Attention : un médicament canin peut provoquer de graves troubles neurologiques chez le chat

Image d'illustration. Chat et bol de croquettes au soleilADN
Utiliser un médicament destiné aux chiens pour soigner son chat peut entraîner des effets secondaires sévères chez le félin, allant de simples tremblements à des convulsions, voire au coma.

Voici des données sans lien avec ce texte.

(* (i) For every $n\ge 0$ and $i\in\{0,1\}$, $v_n(x,i)$ is concave in $x$, i.e. $\Delta_n(x,i)\le\Delta_n(x+1,i)$ for all $x\ge0$. (ii) For every $n\ge0$, with $B^s_n=1+T_{\Delta_n(\cdot,0)}(c/\delta)$ and $B^d_{n+1}=T_{\Delta_{n+1}(\cdot,0)}(R)$, the optimal decisions satisfy $a^s_{n+1}(0)=l$; for $x>0$, $a^s_{n+1}(x)=l$ if $x\le B^s_n$ and $a^s_{n+1}(x)=h$ if $x>B^s_n$; and for $x\ge 0$, $a^d_{n+1}(x)=1$ if $x\le B^d_{n+1}$ and $a^d_{n+1}(x)=0$ if $x>B^d_{n+1}$.
   Context: Parameters: $\lambda>0$, $0<\mu_l<\mu_h$, $\delta=\mu_h-\mu_l$, $R\ge 0$, $c>0$, and $h:\{0,1,2,\dots\}\to\mathbb{R}$ nondecreasing and convex with $h(0)=0$; the rates are normalized so that $\lambda+\mu_h+\beta=1$ for a discount rate $\beta>0$. Finite-horizon value functions on $S=\{0,1,2,\dots\}\times\{0,1\}$: $v_0\equiv 0$ and for $n\ge 0$: $v_{n+1}(0,0)=\lambda v_n(0,1)+\mu_h v_n(0,0)$; $v_{n+1}(x,0)=-h(x)+\lambda v_n(x,1)+\mu_l v_n(x-1,0)+\max\{\delta v_n(x,0),-c+\delta v_n(x-1,0)\}$ for $x\ge1$; $v_{n+1}(x,1)=\max\{R+v_{n+1}(x+1,0),v_{n+1}(x,0)\}$ for $x\ge 0$. Define $\Delta_n(x,i)=v_n(x,i)-v_n(x+1,i)$. Optimal decisions with $n+1$ steps remaining: admission decision in state $(x,1)$, $x\ge0$: $a^d_{n+1}(x)=1$ (admit) if $\Delta_{n+1}(x,0)\le R$ and $0$ (reject) otherwise; service-rate decision in state $(x,0)$: $a^s_{n+1}(0)=l$, and for $x>0$, $a^s_{n+1}(x)=l$ (low rate $\mu_l$) if $\Delta_n(x-1,0)\le c/\delta$ and $h$ (high rate $\mu_h$) otherwise. Threshold function: for $f:\{0,1,2,\dots\}\to\mathbb{R}$ and $\theta\in\mathbb{R}$, $T_f(\theta)=\sup\{k\ge0: f(k)\le\theta\}$, with $\sup\emptyset=-1$ (the value $+\infty$ is allowed). *)

theory Defs
  imports "HOL-Analysis.Analysis"
begin

(* State (x,i): x :: nat queue length, i :: nat in {0,1} (1 = an arrival is waiting).
   Parameters: lam = lambda, mul = mu_l, muh = mu_h, c, R, h. delta = muh - mul. *)

fun vzero :: "real \<Rightarrow> real \<Rightarrow> real \<Rightarrow> real \<Rightarrow> real \<Rightarrow> (nat \<Rightarrow> real) \<Rightarrow> nat \<Rightarrow> nat \<Rightarrow> real" where
  "vzero lam mul muh c R h 0 x = 0"
| "vzero lam mul muh c R h (Suc n) 0 =
     lam * (if n = 0 then 0 else max (R + vzero lam mul muh c R h n 1) (vzero lam mul muh c R h n 0))
     + muh * vzero lam mul muh c R h n 0"
| "vzero lam mul muh c R h (Suc n) (Suc x) =
     - h (Suc x)
     + lam * (if n = 0 then 0 else max (R + vzero lam mul muh c R h n (Suc (Suc x))) (vzero lam mul muh c R h n (Suc x)))
     + mul * vzero lam mul muh c R h n x
     + max ((muh - mul) * vzero lam mul muh c R h n (Suc x)) (- c + (muh - mul) * vzero lam mul muh c R h n x)"

definition vfun :: "real \<Rightarrow> real \<Rightarrow> real \<Rightarrow> real \<Rightarrow> real \<Rightarrow> (nat \<Rightarrow> real) \<Rightarrow> nat \<Rightarrow> nat \<Rightarrow> nat \<Rightarrow> real" where
  "vfun lam mul muh c R h n x i =
     (if i = 0 then vzero lam mul muh c R h n x
      else if n = 0 then 0
      else max (R + vzero lam mul muh c R h n (Suc x)) (vzero lam mul muh c R h n x))"

definition Delta :: "real \<Rightarrow> real \<Rightarrow> real \<Rightarrow> real \<Rightarrow> real \<Rightarrow> (nat \<Rightarrow> real) \<Rightarrow> nat \<Rightarrow> nat \<Rightarrow> nat \<Rightarrow> real" where
  "Delta lam mul muh c R h n x i = vfun lam mul muh c R h n x i - vfun lam mul muh c R h n (Suc x) i"

definition Thr :: "(nat \<Rightarrow> real) \<Rightarrow> real \<Rightarrow> ereal" where
  "Thr f \<theta> = (if {k. f k \<le> \<theta>} = {} then -1 else Sup ((\<lambda>k. ereal (real k)) ` {k. f k \<le> \<theta>}))"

Certaines substances s’avèrent particulièrement dangereuses pour leur santé.
Tl;dr
- Produits antiparasitaires pour chiens toxiques pour chats, lapins.
- Des effets graves voire mortels signalés chaque année.
- L’Anses alerte sur les dangers des erreurs d’usage.
Un danger sous-estimé dans les foyers
Chaque printemps, la vigilance s’impose auprès des propriétaires d’animaux : l’usage inapproprié de produits antiparasitaires peut se révéler fatal pour certains compagnons.
L’Agence nationale de sécurité sanitaire de l’alimentation, de l’environnement et du travail (Anses) a tenu à rappeler ce mercredi 30 avril 2025 que des substances destinées aux chiens, notamment celles à base de perméthrine, peuvent provoquer chez les chats ou les lapins des réactions sévères, parfois irréversibles.
Des conséquences parfois dramatiques pour les animaux sensibles
Les chiffres communiqués par l’Anses sont édifiants : en France, 82 chats – dont 34 cas graves et quatre mortels – ainsi que 19 lapins, dont trois gravement atteints, ont été victimes d’une exposition accidentelle à ces traitements rien qu’en 2024. Les signes cliniques rapportés varient : chez le chat, on relève fréquemment des « troubles neurologiques, tremblements, convulsions, ataxie, agitation, coma associés parfois à des troubles digestifs ».
Quant aux lapins exposés à des produits contenant du fipronil, initialement développés pour chiens ou chats, ils présentent le plus souvent une perte d’appétit, une léthargie voire des convulsions – autant de manifestations pouvant conduire au décès de l’animal.
Pipettes et formulations concentrées : un risque majeur même en faible quantité
Ce sont précisément les formulations dites « concentrées », telles que les pipettes administrées en spot-on sur la peau, qui inquiètent particulièrement les autorités sanitaires.
L’Anses insiste : « Quelques gouttes sur la peau ou simplement léchées suffisent à induire des effets graves. » Malgré la présence claire de contre-indications sur les emballages et notices d’utilisation, sans oublier les messages adressés tant aux vétérinaires qu’aux particuliers, ces accidents persistent.
Mieux comprendre pour éviter le pire
Plusieurs éléments expliquent cette décision :
- Méconnaissance des propriétaires, malgré une information croissante.
- Sensibilité différente selon l’espèce traitée.
- Sous-estimation du danger lié aux pipettes concentrées.
Le message est donc limpide : ne jamais traiter un chat ou un lapin avec un antiparasitaire destiné à une autre espèce. La tentation de recycler un produit reste forte mais met leur vie en péril. En cas de doute, consulter un vétérinaire demeure la meilleure option afin d’assurer la sécurité et le bien-être de nos animaux domestiques.